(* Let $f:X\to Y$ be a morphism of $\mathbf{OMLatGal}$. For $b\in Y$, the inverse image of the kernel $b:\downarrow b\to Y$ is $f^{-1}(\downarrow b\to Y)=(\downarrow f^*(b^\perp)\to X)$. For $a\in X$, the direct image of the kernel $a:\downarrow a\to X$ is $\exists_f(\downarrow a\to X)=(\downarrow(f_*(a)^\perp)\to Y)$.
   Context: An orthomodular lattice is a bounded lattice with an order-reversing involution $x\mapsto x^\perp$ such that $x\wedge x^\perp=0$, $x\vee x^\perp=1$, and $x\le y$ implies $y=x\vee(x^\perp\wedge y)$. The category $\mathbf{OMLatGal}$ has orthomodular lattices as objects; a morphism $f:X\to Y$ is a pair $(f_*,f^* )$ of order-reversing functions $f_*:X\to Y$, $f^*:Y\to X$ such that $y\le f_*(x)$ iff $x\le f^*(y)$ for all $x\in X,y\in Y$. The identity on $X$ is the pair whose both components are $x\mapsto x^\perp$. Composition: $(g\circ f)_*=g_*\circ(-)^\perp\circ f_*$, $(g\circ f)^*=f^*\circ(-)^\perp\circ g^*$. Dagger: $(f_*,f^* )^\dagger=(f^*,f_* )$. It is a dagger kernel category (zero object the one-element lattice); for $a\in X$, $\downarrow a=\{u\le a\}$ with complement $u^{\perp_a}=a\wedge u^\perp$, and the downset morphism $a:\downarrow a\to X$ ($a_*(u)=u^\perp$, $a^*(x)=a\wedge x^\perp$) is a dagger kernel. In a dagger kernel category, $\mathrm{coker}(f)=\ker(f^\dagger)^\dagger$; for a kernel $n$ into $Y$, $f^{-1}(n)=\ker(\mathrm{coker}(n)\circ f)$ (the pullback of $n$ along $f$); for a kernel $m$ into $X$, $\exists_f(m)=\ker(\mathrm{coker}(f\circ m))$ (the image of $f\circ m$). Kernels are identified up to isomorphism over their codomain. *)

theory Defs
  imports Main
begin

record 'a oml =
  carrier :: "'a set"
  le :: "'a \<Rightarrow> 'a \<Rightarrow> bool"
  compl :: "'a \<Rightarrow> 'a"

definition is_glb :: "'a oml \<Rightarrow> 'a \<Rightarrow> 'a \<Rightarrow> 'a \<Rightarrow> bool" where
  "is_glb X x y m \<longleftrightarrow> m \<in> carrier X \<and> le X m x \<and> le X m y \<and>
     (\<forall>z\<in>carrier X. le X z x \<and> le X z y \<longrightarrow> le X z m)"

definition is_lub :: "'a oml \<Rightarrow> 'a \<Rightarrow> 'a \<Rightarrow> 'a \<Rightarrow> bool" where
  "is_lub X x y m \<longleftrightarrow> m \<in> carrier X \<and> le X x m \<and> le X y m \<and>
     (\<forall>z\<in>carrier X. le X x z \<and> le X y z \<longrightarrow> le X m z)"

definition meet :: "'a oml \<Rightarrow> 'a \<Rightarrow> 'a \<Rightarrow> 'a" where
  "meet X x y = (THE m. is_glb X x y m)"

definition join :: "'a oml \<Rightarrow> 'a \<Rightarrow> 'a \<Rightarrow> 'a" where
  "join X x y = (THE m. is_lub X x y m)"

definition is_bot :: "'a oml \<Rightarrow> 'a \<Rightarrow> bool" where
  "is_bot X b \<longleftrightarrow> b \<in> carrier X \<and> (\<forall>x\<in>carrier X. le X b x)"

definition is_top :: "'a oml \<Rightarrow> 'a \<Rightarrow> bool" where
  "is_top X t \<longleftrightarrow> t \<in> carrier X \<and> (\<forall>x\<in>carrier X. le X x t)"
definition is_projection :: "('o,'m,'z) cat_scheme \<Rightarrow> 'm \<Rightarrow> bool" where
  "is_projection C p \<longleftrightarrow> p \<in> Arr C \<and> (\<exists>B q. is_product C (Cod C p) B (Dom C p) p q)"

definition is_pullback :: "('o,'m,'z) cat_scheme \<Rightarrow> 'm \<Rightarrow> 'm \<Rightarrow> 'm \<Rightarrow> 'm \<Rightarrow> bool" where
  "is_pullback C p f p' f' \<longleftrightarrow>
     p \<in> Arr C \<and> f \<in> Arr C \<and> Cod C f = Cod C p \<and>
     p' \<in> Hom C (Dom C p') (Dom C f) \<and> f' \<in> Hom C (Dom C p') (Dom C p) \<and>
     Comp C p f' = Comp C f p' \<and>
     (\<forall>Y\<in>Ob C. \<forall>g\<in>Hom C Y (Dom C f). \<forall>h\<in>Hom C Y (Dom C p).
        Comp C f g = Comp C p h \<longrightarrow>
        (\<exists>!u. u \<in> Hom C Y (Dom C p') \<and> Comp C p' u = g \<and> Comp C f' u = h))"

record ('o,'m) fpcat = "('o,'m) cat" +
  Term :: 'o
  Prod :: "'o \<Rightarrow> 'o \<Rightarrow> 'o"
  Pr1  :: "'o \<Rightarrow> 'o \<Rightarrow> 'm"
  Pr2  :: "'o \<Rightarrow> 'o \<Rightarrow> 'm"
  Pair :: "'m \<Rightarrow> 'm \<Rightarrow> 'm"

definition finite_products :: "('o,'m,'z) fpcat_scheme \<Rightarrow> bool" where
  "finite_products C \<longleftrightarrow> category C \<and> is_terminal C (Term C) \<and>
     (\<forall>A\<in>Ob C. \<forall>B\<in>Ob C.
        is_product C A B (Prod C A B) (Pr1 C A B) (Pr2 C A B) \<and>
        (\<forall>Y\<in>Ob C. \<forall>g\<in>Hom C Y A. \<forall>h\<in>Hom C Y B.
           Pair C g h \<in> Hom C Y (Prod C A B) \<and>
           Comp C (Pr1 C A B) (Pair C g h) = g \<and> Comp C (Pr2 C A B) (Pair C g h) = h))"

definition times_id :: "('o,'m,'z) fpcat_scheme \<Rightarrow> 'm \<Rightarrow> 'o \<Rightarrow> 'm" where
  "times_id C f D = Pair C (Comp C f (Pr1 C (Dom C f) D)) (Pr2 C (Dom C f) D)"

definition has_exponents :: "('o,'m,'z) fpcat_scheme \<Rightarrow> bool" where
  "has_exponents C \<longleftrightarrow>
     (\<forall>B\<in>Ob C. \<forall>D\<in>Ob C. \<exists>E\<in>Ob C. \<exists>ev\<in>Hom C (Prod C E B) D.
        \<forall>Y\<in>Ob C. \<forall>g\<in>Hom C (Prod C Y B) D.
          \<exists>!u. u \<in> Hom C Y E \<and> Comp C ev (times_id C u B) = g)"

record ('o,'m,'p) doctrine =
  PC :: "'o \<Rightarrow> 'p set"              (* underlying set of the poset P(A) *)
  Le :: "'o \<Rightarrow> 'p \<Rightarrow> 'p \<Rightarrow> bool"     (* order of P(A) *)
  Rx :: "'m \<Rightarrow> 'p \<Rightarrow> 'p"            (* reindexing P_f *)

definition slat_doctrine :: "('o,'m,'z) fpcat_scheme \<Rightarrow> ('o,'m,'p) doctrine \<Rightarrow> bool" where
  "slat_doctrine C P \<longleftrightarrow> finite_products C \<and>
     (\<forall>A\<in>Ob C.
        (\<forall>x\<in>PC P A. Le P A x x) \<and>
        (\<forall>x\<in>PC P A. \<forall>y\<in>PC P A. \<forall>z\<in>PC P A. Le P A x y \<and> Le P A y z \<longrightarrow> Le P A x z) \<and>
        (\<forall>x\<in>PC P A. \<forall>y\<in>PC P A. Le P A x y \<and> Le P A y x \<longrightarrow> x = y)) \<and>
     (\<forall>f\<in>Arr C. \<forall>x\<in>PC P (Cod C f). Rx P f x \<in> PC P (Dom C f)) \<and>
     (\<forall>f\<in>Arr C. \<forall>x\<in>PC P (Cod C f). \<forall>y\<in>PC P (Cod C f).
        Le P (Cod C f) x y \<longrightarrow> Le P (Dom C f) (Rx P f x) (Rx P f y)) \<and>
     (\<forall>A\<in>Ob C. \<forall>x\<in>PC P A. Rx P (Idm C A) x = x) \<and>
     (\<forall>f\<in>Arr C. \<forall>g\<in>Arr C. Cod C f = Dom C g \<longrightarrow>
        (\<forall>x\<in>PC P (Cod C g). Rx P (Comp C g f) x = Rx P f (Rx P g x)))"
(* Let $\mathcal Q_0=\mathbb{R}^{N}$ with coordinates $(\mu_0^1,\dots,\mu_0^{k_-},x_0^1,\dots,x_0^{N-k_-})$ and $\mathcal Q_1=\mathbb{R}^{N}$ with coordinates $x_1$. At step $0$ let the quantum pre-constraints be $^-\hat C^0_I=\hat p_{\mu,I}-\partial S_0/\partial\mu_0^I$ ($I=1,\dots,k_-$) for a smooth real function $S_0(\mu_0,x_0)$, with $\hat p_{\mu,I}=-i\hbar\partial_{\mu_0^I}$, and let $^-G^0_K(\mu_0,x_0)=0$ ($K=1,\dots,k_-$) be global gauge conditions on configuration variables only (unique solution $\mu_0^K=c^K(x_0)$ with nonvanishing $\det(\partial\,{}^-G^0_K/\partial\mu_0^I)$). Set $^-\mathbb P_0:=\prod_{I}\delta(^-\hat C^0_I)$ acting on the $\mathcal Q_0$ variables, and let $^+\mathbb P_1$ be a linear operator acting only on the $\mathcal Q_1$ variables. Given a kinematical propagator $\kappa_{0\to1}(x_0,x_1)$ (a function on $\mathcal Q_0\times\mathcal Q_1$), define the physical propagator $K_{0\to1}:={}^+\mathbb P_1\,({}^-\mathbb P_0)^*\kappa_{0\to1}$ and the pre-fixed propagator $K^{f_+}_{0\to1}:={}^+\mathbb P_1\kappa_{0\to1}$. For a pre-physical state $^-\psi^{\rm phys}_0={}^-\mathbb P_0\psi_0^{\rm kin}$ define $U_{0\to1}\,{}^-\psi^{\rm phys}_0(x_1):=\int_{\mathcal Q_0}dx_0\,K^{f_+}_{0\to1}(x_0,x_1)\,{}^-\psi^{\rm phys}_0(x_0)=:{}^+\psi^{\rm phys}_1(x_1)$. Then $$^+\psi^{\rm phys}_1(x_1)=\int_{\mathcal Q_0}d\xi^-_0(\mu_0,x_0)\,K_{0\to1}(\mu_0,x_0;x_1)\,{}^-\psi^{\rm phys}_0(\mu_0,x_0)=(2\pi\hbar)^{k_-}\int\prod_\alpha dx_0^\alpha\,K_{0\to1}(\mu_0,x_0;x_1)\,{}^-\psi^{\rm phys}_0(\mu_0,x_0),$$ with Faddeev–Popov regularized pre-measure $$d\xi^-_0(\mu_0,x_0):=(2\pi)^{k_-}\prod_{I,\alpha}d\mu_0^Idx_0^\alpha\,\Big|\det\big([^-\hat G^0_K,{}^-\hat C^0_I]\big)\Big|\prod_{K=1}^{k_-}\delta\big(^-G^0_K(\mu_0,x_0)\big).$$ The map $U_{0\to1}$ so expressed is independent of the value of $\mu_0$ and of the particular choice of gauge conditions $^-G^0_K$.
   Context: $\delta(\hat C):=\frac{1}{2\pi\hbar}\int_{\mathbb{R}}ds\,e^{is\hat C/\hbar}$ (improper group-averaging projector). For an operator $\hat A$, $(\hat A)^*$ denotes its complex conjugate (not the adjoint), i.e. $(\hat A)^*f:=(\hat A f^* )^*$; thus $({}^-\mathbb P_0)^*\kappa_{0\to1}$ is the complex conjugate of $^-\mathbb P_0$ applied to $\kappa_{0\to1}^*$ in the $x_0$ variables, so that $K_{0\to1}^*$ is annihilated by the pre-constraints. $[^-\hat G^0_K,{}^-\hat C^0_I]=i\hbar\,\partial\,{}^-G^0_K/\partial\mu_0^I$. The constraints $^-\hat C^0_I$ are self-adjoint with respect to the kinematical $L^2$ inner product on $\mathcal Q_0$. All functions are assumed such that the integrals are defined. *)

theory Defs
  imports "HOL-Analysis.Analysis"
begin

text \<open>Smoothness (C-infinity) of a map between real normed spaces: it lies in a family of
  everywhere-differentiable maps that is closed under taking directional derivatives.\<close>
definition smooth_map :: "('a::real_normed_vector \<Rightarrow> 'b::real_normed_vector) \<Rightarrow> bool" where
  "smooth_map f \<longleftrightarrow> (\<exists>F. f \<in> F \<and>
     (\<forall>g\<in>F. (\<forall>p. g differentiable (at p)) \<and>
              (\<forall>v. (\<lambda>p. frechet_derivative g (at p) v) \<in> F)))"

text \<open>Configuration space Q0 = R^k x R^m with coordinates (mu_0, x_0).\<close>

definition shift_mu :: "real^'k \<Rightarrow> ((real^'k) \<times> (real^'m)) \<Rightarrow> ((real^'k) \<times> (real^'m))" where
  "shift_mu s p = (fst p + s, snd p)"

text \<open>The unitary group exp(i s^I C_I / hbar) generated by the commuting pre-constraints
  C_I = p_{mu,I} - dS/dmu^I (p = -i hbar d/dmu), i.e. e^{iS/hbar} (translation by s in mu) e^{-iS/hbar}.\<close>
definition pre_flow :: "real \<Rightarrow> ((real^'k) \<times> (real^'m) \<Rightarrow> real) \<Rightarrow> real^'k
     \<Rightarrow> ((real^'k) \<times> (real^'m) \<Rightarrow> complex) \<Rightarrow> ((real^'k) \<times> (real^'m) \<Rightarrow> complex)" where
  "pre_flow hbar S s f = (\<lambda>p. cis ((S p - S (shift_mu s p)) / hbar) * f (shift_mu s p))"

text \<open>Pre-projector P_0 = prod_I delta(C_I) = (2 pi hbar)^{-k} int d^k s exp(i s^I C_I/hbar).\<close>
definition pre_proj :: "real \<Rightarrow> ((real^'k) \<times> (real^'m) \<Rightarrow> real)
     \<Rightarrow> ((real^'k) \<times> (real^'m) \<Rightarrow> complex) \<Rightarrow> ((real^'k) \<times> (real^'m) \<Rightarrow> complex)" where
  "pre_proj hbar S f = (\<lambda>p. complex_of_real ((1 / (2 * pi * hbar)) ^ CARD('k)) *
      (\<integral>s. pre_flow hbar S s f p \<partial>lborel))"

----

Your objective →
Output the lines of the records above exactly as they appear, from the line containing "(Term C) \<and>" through the line containing "fpcat_scheme \<Rightarrow> 'm".

Completed task →
  "finite_products C \<longleftrightarrow> category C \<and> is_terminal C (Term C) \<and>
     (\<forall>A\<in>Ob C. \<forall>B\<in>Ob C.
        is_product C A B (Prod C A B) (Pr1 C A B) (Pr2 C A B) \<and>
        (\<forall>Y\<in>Ob C. \<forall>g\<in>Hom C Y A. \<forall>h\<in>Hom C Y B.
           Pair C g h \<in> Hom C Y (Prod C A B) \<and>
           Comp C (Pr1 C A B) (Pair C g h) = g \<and> Comp C (Pr2 C A B) (Pair C g h) = h))"

definition times_id :: "('o,'m,'z) fpcat_scheme \<Rightarrow> 'm \<Rightarrow> 'o \<Rightarrow> 'm" where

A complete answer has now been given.